Not content with announcing just one console at E3, the Xbox One S, Microsoft has also revealed details of the long-rumored Project Scorpio.
Project Scorpio is a new, super-powerful Xbox One console, designed from the ground up for 4K HD and VR gaming. The technical specs sound impressive - 6 teraflops of power (about 40% more powerful than Sony’s upcoming PlayStation 4 Neo); eight CPU cores; over 320GB/s of memory bandwidth. It is, as one person in Microsoft’s unveiling video put it, “a monster”.
But Microsoft is keen to stress that Scorpio isn’t a completely new Xbox - it’s simply another (albeit more powerful) version of the Xbox One, a machine that will be fully compatible with all existing Xbox One games, and which won’t receive its own exclusives. Instead, that raw power will instead be put to use to ensure that games will be able to run at 4K HD. In theory there could also be framerate advantages for many games, of course - particularly for titles running on Xbox One at uncapped framerates; but if you’re hoping for a slew of shiny new games taking advantage of the raw potential of Scorpio, it seems - for the moment, at least - that you’re going to be disappointed.
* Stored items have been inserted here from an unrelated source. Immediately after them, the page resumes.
(* For $m,N\in\mathbb N^+$, let $\mathcal S(m,N)$ be the set of solutions $k\in(0,\pi)$ of $$-\frac{1}{2^{m+1}-1}\tan\Big(\frac k2\Big)=\tan(Nk),$$ and let $\mathcal S(m)=\bigcup_{N\in\mathbb N^+}\mathcal S(m,N)$. Then: (1) for $m_1\ne m_2$, $\mathcal S(m_1)\cap\mathcal S(m_2)=\mathcal S(m_1)\cap\pi\mathbb Q=\mathcal S(m_2)\cap\pi\mathbb Q=\emptyset$; (2) for every $m$ and every $N_1\ne N_2$, $\mathcal S(m,N_1)\cap\mathcal S(m,N_2)=\emptyset$. *)

theory Defs
  imports Complex_Main
begin

text \<open>S(m,N): solutions k in (0,pi) of -(1/(2^(m+1)-1)) tan(k/2) = tan(N k).
  The guard cos(N k) ~= 0 records that tan(N k) must be defined
  (Isabelle's tan is total, with value 0 at poles).\<close>
definition Ssol :: "nat \<Rightarrow> nat \<Rightarrow> real set" where
  "Ssol m N = {k. 0 < k \<and> k < pi \<and> cos (real N * k) \<noteq> 0 \<and>
      - (1 / (2 ^ (m + 1) - 1)) * tan (k / 2) = tan (real N * k)}"

definition Sall :: "nat \<Rightarrow> real set" where
  "Sall m = (\<Union>N\<in>{N. N \<ge> 1}. Ssol m N)"

definition piRat :: "real set" where
  "piRat = {pi * of_rat q | q. True}"

end

theory Submission
  imports Defs "HOL-Computational_Algebra.Polynomial" "Jordan_Normal_Form.Char_Poly"
begin

text \<open>
  Put \<open>z = e^(ik)\<close>. The tangent equation becomes
  \<open>z^(2N) (2^m z + 2^m - 1) = (2^m - 1) z + 2^m\<close>, equivalently
  \<open>z (2^m z + 2^m - 1) (z^(2N-1) - 1) = 2^m (1 - z^2)\<close>. We argue in the ring of algebraic
  numbers that are integral at the primes above 2, in which every number congruent to 1 mod 2
  is a unit.

  If \<open>z\<close> is a root of unity (as for \<open>k \<in> \<pi>\<rat>\<close>, or for \<open>k\<close> in both \<open>S(m,N\<^sub>1)\<close> and \<open>S(m,N\<^sub>2)\<close>,
  where \<open>z^(2(N\<^sub>1-N\<^sub>2)) = 1\<close>), then \<open>z\<close> is integral, so \<open>z^(2N-1)\<close> is a root of unity
  congruent to 1 mod \<open>2^m\<close>. Such a root of unity is \<open>\<plusminus>1\<close>, and both values contradict
  the equation.

  If \<open>z\<close> solves the equations for \<open>m\<^sub>1\<close> and \<open>m\<^sub>2\<close>, then \<open>1/(1+z)\<close> is a root of monic integer
  polynomials with constant terms \<open>2^m\<^sub>1\<close>, \<open>2^m\<^sub>2\<close> and odd linear coefficients; comparing the
  two relations shows that \<open>1 + z\<close>, hence \<open>z\<close>, is integral at 2. Then \<open>z^(2N\<^sub>i-1) - 1\<close> is
  \<open>2^m\<^sub>i\<close> times a unit, while all \<open>z^e - 1\<close> with odd \<open>e\<close> agree up to units (each is
  \<open>z^g - 1\<close> times a geometric sum of odd length, \<open>g\<close> the gcd of the exponents). Hence \<open>m\<^sub>1 = m\<^sub>2\<close>.
\<close>

section \<open>Algebraic integers form a ring\<close>

inductive_set int_span :: "'a::comm_ring_1 set \<Rightarrow> 'a set" for G where
  int_span_zero: "0 \<in> int_span G"
| int_span_gen: "g \<in> G \<Longrightarrow> g \<in> int_span G"
| int_span_add: "a \<in> int_span G \<Longrightarrow> b \<in> int_span G \<Longrightarrow> a + b \<in> int_span G"
| int_span_uminus: "a \<in> int_span G \<Longrightarrow> - a \<in> int_span G"
lemma CHAR_field_hom: "CHAR('c) = CHAR('a)"
  by (rule CHAR_eqI)
    (simp_all flip: field_hom_of_nat add: field_hom_eq_0_iff of_nat_eq_0_iff_char_dvd)

lemma map_poly_field_hom_diff: "map_poly \<phi> (p - r) = map_poly \<phi> p - map_poly \<phi> r"
  by (rule poly_eqI) (simp add: coeff_map_poly field_hom_0 field_hom_diff)

lemma map_poly_field_hom_mult: "map_poly \<phi> (p * r) = map_poly \<phi> p * map_poly \<phi> r"
  by (rule poly_eqI) (simp add: coeff_map_poly coeff_mult field_hom_0 field_hom_sum field_hom_mult)

lemma map_poly_field_hom_sum: "map_poly \<phi> (sum g A) = (\<Sum>i\<in>A. map_poly \<phi> (g i))"
  by (rule poly_eqI) (simp add: coeff_map_poly coeff_sum field_hom_0 field_hom_sum)

lemma degree_map_poly_field_hom: "degree (map_poly \<phi> p) = degree p"
  by (rule degree_map_poly) (simp add: field_hom_eq_0_iff)

lemma map_poly_field_hom_reflect_poly: "map_poly \<phi> (reflect_poly p) = reflect_poly (map_poly \<phi> p)"
  by (rule poly_eqI) (simp add: coeff_map_poly coeff_reflect_poly field_hom_0 degree_map_poly_field_hom)

end

section \<open>Frobenius powers and finite fields\<close>

lemma poly_map_poly_power_CHAR_power:
  fixes p :: "'c::field poly"
  assumes "prime CHAR('c)" and "m = CHAR('c) ^ r"
  shows "poly (map_poly (\<lambda>c. c ^ m) p) (y ^ m) = poly p y ^ m"
proof -
  have "m > 0"
    using assms by (simp add: prime_gt_0_nat)
  then have "degree (map_poly (\<lambda>c. c ^ m) p) = degree p"
    by (intro degree_map_poly) simp
  then have "poly (map_poly (\<lambda>c. c ^ m) p) (y ^ m) = (\<Sum>i\<le>degree p. (coeff p i * y ^ i) ^ m)"
    using \<open>m > 0\<close>
    by (simp add: poly_altdef coeff_map_poly power_mult_distrib
        flip: power_mult[of y] add: mult.commute[of m])
  also have "\<dots> = poly p y ^ m"
    by (simp add: poly_altdef freshmans_dream_sum'[OF assms])
  finally show ?thesis .
qed

lemma inj_power_CHAR_power:
  assumes "prime CHAR('c::field)" and "m = CHAR('c) ^ r"
  shows "inj (\<lambda>y::'c. y ^ m)"
proof (rule injI)
  fix y z :: 'c
  assume "y ^ m = z ^ m"
  moreover have "((y - z) + z) ^ m = (y - z) ^ m + z ^ m"
    by (rule freshmans_dream'[OF assms])
  ultimately have "(y - z) ^ m = 0"
    by simp
  then show "y = z"
    using assms by (simp add: prime_gt_0_nat)
qed

text \<open>The library's \<open>finite_field_power_card_eq_same\<close> needs the sort \<open>finite_field\<close>,
  which a type of sort \<open>{finite, field}\<close> does not carry.\<close>

lemma finite_field_power_card:
  fixes x :: "'a::{finite,field}"
  shows "x ^ CARD('a) = x"
proof (cases "x = 0")
  case False
  have "x ^ card (UNIV - {0::'a}) * \<Prod>(UNIV - {0}) = (\<Prod>y\<in>UNIV - {0::'a}. x * y)"
    by (simp add: prod.distrib)
  also have "\<dots> = \<Prod>(UNIV - {0::'a})"
    by (rule prod.reindex_bij_witness[of _ "\<lambda>y. y / x" "\<lambda>y. x * y"]) (use False in auto)
  finally have "x ^ (CARD('a) - 1) = 1"
    by (simp add: card_Diff_singleton)
  moreover have "CARD('a) = Suc (CARD('a) - 1)"
    using finite_UNIV_card_ge_0[where ?'a = 'a] by simp
  ultimately show ?thesis
    by (metis power_Suc mult.right_neutral)
qed (simp add: finite_UNIV_card_ge_0)

lemma finite_field_power_card_power:
  fixes x :: "'a::{finite,field}"
  shows "x ^ (CARD('a) ^ j) = x"
  by (induction j) (simp_all add: finite_field_power_card power_mult)

lemma CHAR_eq_prime_of_card:
  assumes "prime p" and "CARD('a::{finite,field}) = p ^ m"
  shows "CHAR('a) = p"
proof -
  have "prime CHAR('a)"
    by (rule prime_CHAR_semidom, rule finite_imp_CHAR_pos) simp
  moreover have "CHAR('a) dvd p ^ m"
    using CHAR_dvd_CARD[where ?'a = 'a] assms(2) by simp
  ultimately show ?thesis
    using assms(1) prime_dvd_power primes_dvd_imp_eq by blast
qed

lemma power_fixed_points_finite_card_le:
  assumes "M > 1"
  shows "finite {y::'c::field. y ^ M = y} \<and> card {y::'c. y ^ M = y} \<le> M"
proof -
  define P :: "'c poly" where "P = monom 1 M - monom 1 1"
  have "coeff P M = 1"
    using assms by (simp add: P_def coeff_monom)
  then have "P \<noteq> 0"
    by auto
  have "degree P \<le> M"
    unfolding P_def using assms by (intro degree_diff_le) (auto simp: degree_monom_eq)
  moreover have "{y. y ^ M = y} = {y. poly P y = 0}"
    by (auto simp: P_def poly_monom)
  ultimately show ?thesis
    using poly_roots_finite[OF \<open>P \<noteq> 0\<close>] card_poly_roots_bound[OF \<open>P \<noteq> 0\<close>] by simp
qed

section \<open>Divisibility of natural numbers\<close>

lemma add_diff_closed_eq_multiples:
  fixes P :: "nat \<Rightarrow> bool"
  assumes add: "\<And>a b. P a \<Longrightarrow> P b \<Longrightarrow> P (a + b)"
    and diff: "\<And>a b. P (a + b) \<Longrightarrow> P a \<Longrightarrow> P b"
    and "P m" "m > 0"
  obtains t where "t > 0" "\<And>a. P a \<longleftrightarrow> t dvd a"
proof -
  define t where "t = (LEAST t. t > 0 \<and> P t)"
  have t: "t > 0" "P t"
    using LeastI[of "\<lambda>t. t > 0 \<and> P t" m] assms(3,4) unfolding t_def by auto
  have below_t: "\<not> P s" if "0 < s" "s < t" for s
    using that not_less_Least unfolding t_def by blast
  have "P 0"
    using diff[of t 0] t by simp
  then have multiple: "P (t * k)" for k
    by (induction k) (use t add in auto)
  have "P a \<longleftrightarrow> t dvd a" for a
  proof
    assume "P a"
    moreover have "a = t * (a div t) + a mod t"
      by simp
    ultimately have "P (a mod t)"
      using diff multiple by metis
    then show "t dvd a"
      using below_t[of "a mod t"] t by (auto simp: dvd_eq_mod_eq_0)
  qed (use multiple in auto)
  with t show ?thesis
    using that by blast
qed

lemma prime_power_nat_power:
  assumes "prime_power_nat q" and "m > 0"
  shows "prime_power_nat (q ^ m)"
proof -
  obtain p k where "prime p" "k > 0" "q = p ^ k"
    using assms(1) by (auto simp: prime_power_nat_def)
  then have "prime p \<and> k * m > 0 \<and> q ^ m = p ^ (k * m)"
    using assms(2) by (simp add: power_mult)
  then show ?thesis
    unfolding prime_power_nat_def by blast
qed

lemma dvd_square_minus_one:
  fixes e x :: nat
  assumes "e dvd x + 1"
  shows "e dvd x ^ 2 - 1"
proof -
  have "x ^ 2 - 1 = (x + 1) * (x - 1)"
    by (cases x) (simp_all add: power2_eq_square algebra_simps)
  then show ?thesis
    by (metis assms dvd_mult2)
qed

lemma mem_D_setI:
  fixes e q n j :: nat
  assumes "e > 0" and "coprime e q" and "n > 1"
    and period: "\<And>a. e dvd q ^ (2 * a) - 1 \<longleftrightarrow> n dvd a"
    and "j < n" and "e dvd q ^ (2 * j) + q"
  shows "e \<in> D_set q n"
proof -
  have exponent: "n dvd k" if "e dvd q ^ k + 1" for k
    using period[of k] dvd_square_minus_one[OF that] by (simp add: power_mult mult.commute)
  have not_dvd_q_plus_1: "\<not> e dvd q + 1"
    using exponent[of 1] \<open>n > 1\<close> by auto
  have "\<not> e dvd q ^ k + 1" if "k < n" for k
  proof
    assume "e dvd q ^ k + 1"
    with exponent \<open>k < n\<close> have "k = 0"
      by (metis dvd_imp_le neq0_conv not_le)
    with \<open>e dvd q ^ k + 1\<close> have "e dvd 2"
      by (simp add: numeral_2_eq_2)
    then have "e = 1 \<or> e = 2"
      using \<open>e > 0\<close> dvd_imp_le[of e 2] by auto
    moreover have "odd q" if "e = 2"
      using \<open>coprime e q\<close> that by auto
    ultimately show False
      using not_dvd_q_plus_1 by auto
  qed
  moreover have "e dvd q ^ n + 1"
  proof -
    have "j \<noteq> 0"
      using not_dvd_q_plus_1 \<open>e dvd q ^ (2 * j) + q\<close> by (metis add.commute mult_0_right power_0)
    then have "q ^ (2 * j) + q = q * (q ^ (2 * j - 1) + 1)"
      by (cases j) (simp_all add: algebra_simps)
    then have "e dvd q ^ (2 * j - 1) + 1"
      using \<open>e dvd q ^ (2 * j) + q\<close> \<open>coprime e q\<close> coprime_dvd_mult_right_iff by metis
    then obtain k where k: "2 * j - 1 = n * k"
      using exponent by blast
    have "odd (2 * j - 1)" "2 * j - 1 < 2 * n"
      using \<open>j \<noteq> 0\<close> \<open>j < n\<close> by auto
    with k have "k = 1"
      by (cases k) (auto simp: less_Suc_eq_0_disj)
    with k have "2 * j - 1 = n"
      by simp
    with \<open>e dvd q ^ (2 * j - 1) + 1\<close> show ?thesis
      by simp
  qed
  ultimately show ?thesis
    using \<open>e > 0\<close> by (simp add: D_set_def)
qed


section \<open>Roots of irreducible polynomials\<close>

locale irreducible_root =
  fixes \<phi> :: "'a::field \<Rightarrow> 'c::field" and f :: "'a poly" and \<alpha> :: 'c
  assumes hom: "field_hom \<phi>" and irreducible: "irreducible f"
    and root: "poly (map_poly \<phi> f) \<alpha> = 0"
begin

lemma poly_map_poly_mod:
  assumes "poly (map_poly \<phi> p) \<alpha> = 0" and "poly (map_poly \<phi> h) \<alpha> = 0"
  shows "poly (map_poly \<phi> (h mod p)) \<alpha> = 0"
  using assms
  by (simp add: minus_div_mult_eq_mod[symmetric] map_poly_field_hom_diff[OF hom]
      map_poly_field_hom_mult[OF hom])

lemma no_root_below_degree:
  assumes "p \<noteq> 0" and "degree p < degree f"
  shows "poly (map_poly \<phi> p) \<alpha> \<noteq> 0"
  using assms
proof (induction "degree p" arbitrary: p rule: less_induct)
  case less
  show ?case
  proof
    assume p_root: "poly (map_poly \<phi> p) \<alpha> = 0"
    have "f mod p = 0"
      using less.hyps[of "f mod p"] less.prems poly_map_poly_mod[OF p_root root]
      by (metis degree_mod_less order.strict_trans)
    then have "p dvd f"
      by (simp add: dvd_eq_mod_eq_0)
    moreover have "\<not> f dvd p"
      using less.prems by (auto dest: dvd_imp_degree_le)
    ultimately have "is_unit p"
      using irreducibleD'[OF irreducible] by blast
    then obtain c where "p = [:c:]" "c dvd 1"
      by (auto simp: is_unit_poly_iff)
    then show False
      using p_root by (simp add: map_poly_pCons field_hom_0[OF hom] field_hom_eq_0_iff[OF hom])
  qed
qed

lemma root_map_poly_iff_dvd: "poly (map_poly \<phi> h) \<alpha> = 0 \<longleftrightarrow> f dvd h"
proof
  assume "f dvd h"
  then show "poly (map_poly \<phi> h) \<alpha> = 0"
    using root by (auto simp: map_poly_field_hom_mult[OF hom])
next
  assume "poly (map_poly \<phi> h) \<alpha> = 0"
  then have "poly (map_poly \<phi> (h mod f)) \<alpha> = 0"
    by (rule poly_map_poly_mod[OF root])
  moreover have "f \<noteq> 0"
    using irreducible by auto
  ultimately have "h mod f = 0"
    using no_root_below_degree degree_mod_less by blast
  then show "f dvd h"
    by (simp add: dvd_eq_mod_eq_0)
qed

lemma dvd_monom_minus_one_iff: "f dvd monom 1 s - 1 \<longleftrightarrow> \<alpha> ^ s = 1"
  using root_map_poly_iff_dvd[of "monom 1 s - 1"]
  by (simp add: map_poly_field_hom_diff[OF hom] map_poly_monom field_hom_0[OF hom]
      field_hom_1[OF hom] poly_monom)

lemma poly_ord_eqI:
  assumes "e > 0" and "\<And>s. \<alpha> ^ s = 1 \<longleftrightarrow> e dvd s"
  shows "poly_ord f = e"
  unfolding poly_ord_def dvd_monom_minus_one_iff
  by (rule Least_equality) (use assms in \<open>auto dest: dvd_imp_le\<close>)

lemma map_poly_ne_0: "map_poly \<phi> f \<noteq> 0"
  using irreducible by (auto simp: map_poly_eq_0_iff field_hom_0[OF hom] field_hom_eq_0_iff[OF hom])

lemma degree_pos: "degree f > 0"
proof -
  have "f \<noteq> 0"
    using irreducible by auto
  then show ?thesis
    using is_unit_iff_degree irreducible_not_unit[OF irreducible] by auto
qed

lemma inj_on_linear_combinations:
  "inj_on (\<lambda>c. \<Sum>i<degree f. \<phi> (c i) * \<alpha> ^ i) (PiE {..<degree f} (\<lambda>_. UNIV))"
proof (rule inj_onI)
  fix c c'
  assume c: "c \<in> PiE {..<degree f} (\<lambda>_. UNIV)" "c' \<in> PiE {..<degree f} (\<lambda>_. UNIV)"
    and eq: "(\<Sum>i<degree f. \<phi> (c i) * \<alpha> ^ i) = (\<Sum>i<degree f. \<phi> (c' i) * \<alpha> ^ i)"
  define h where "h = (\<Sum>i<degree f. monom (c i - c' i) i)"
  have "map_poly \<phi> h = (\<Sum>i<degree f. monom (\<phi> (c i) - \<phi> (c' i)) i)"
    by (simp add: h_def map_poly_field_hom_sum[OF hom] map_poly_monom field_hom_0[OF hom]
        field_hom_diff[OF hom])
  then have "poly (map_poly \<phi> h) \<alpha> =
      (\<Sum>i<degree f. \<phi> (c i) * \<alpha> ^ i) - (\<Sum>i<degree f. \<phi> (c' i) * \<alpha> ^ i)"
    by (simp add: poly_sum poly_monom left_diff_distrib sum_subtractf)
  then have "f dvd h"
    using eq root_map_poly_iff_dvd by simp
  have "h = 0"
  proof (rule ccontr)
    assume "h \<noteq> 0"
    then have "degree f \<le> degree h"
      using dvd_imp_degree_le[OF \<open>f dvd h\<close>] by blast
    moreover have "degree h \<le> degree f - 1"
      unfolding h_def by (intro degree_sum_le) (auto intro: order.trans[OF degree_monom_le])
    ultimately show False
      using degree_pos by linarith
  qed
  moreover have "coeff h i = c i - c' i" if "i < degree f" for i
    using that by (simp add: h_def coeff_sum coeff_monom)
  ultimately have "c i = c' i" if "i < degree f" for i
    using that by simp
  then show "c = c'"
    using c by (intro PiE_ext) auto
qed

end

locale finite_irreducible_root = irreducible_root \<phi> f \<alpha>
  for \<phi> :: "'a::{finite,field} \<Rightarrow> 'c::field" and f \<alpha> +
  assumes prime_power_card: "prime_power_nat CARD('a)"
begin

lemma prime_CHAR: "prime CHAR('c)"
proof -
  have "CHAR('a) > 0"
    by (rule finite_imp_CHAR_pos) simp
  then show ?thesis
    using CHAR_field_hom[OF hom] prime_CHAR_semidom by simp
qed

lemma card_power_eq_CHAR_power: "\<exists>r. CARD('a) ^ j = CHAR('c) ^ r"
proof -
  obtain p k where p: "prime p" "CARD('a) = p ^ k"
    using prime_power_card by (auto simp: prime_power_nat_def)
  then have "CARD('a) ^ j = CHAR('c) ^ (k * j)"
    using CHAR_eq_prime_of_card[OF p] CHAR_field_hom[OF hom] by (simp add: power_mult)
  then show ?thesis ..
qed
“Gamers have never had more choice in how and where they play,” Head of Xbox, Phil Spencer, said in a press release issued following the reveal. “We are bringing our biggest games lineup ever to Xbox One and Windows 10, uniting gamers across networks on Xbox Live and expanding the Xbox One family of devices with the addition of Xbox One S and Project Scorpio to give gamers more choice in how and where they play. There’s never been a better time to be an Xbox gamer.”
No price point has been set, but Project Scorpio (almost certainly not the console’s final name) is due to launch at the end of 2017.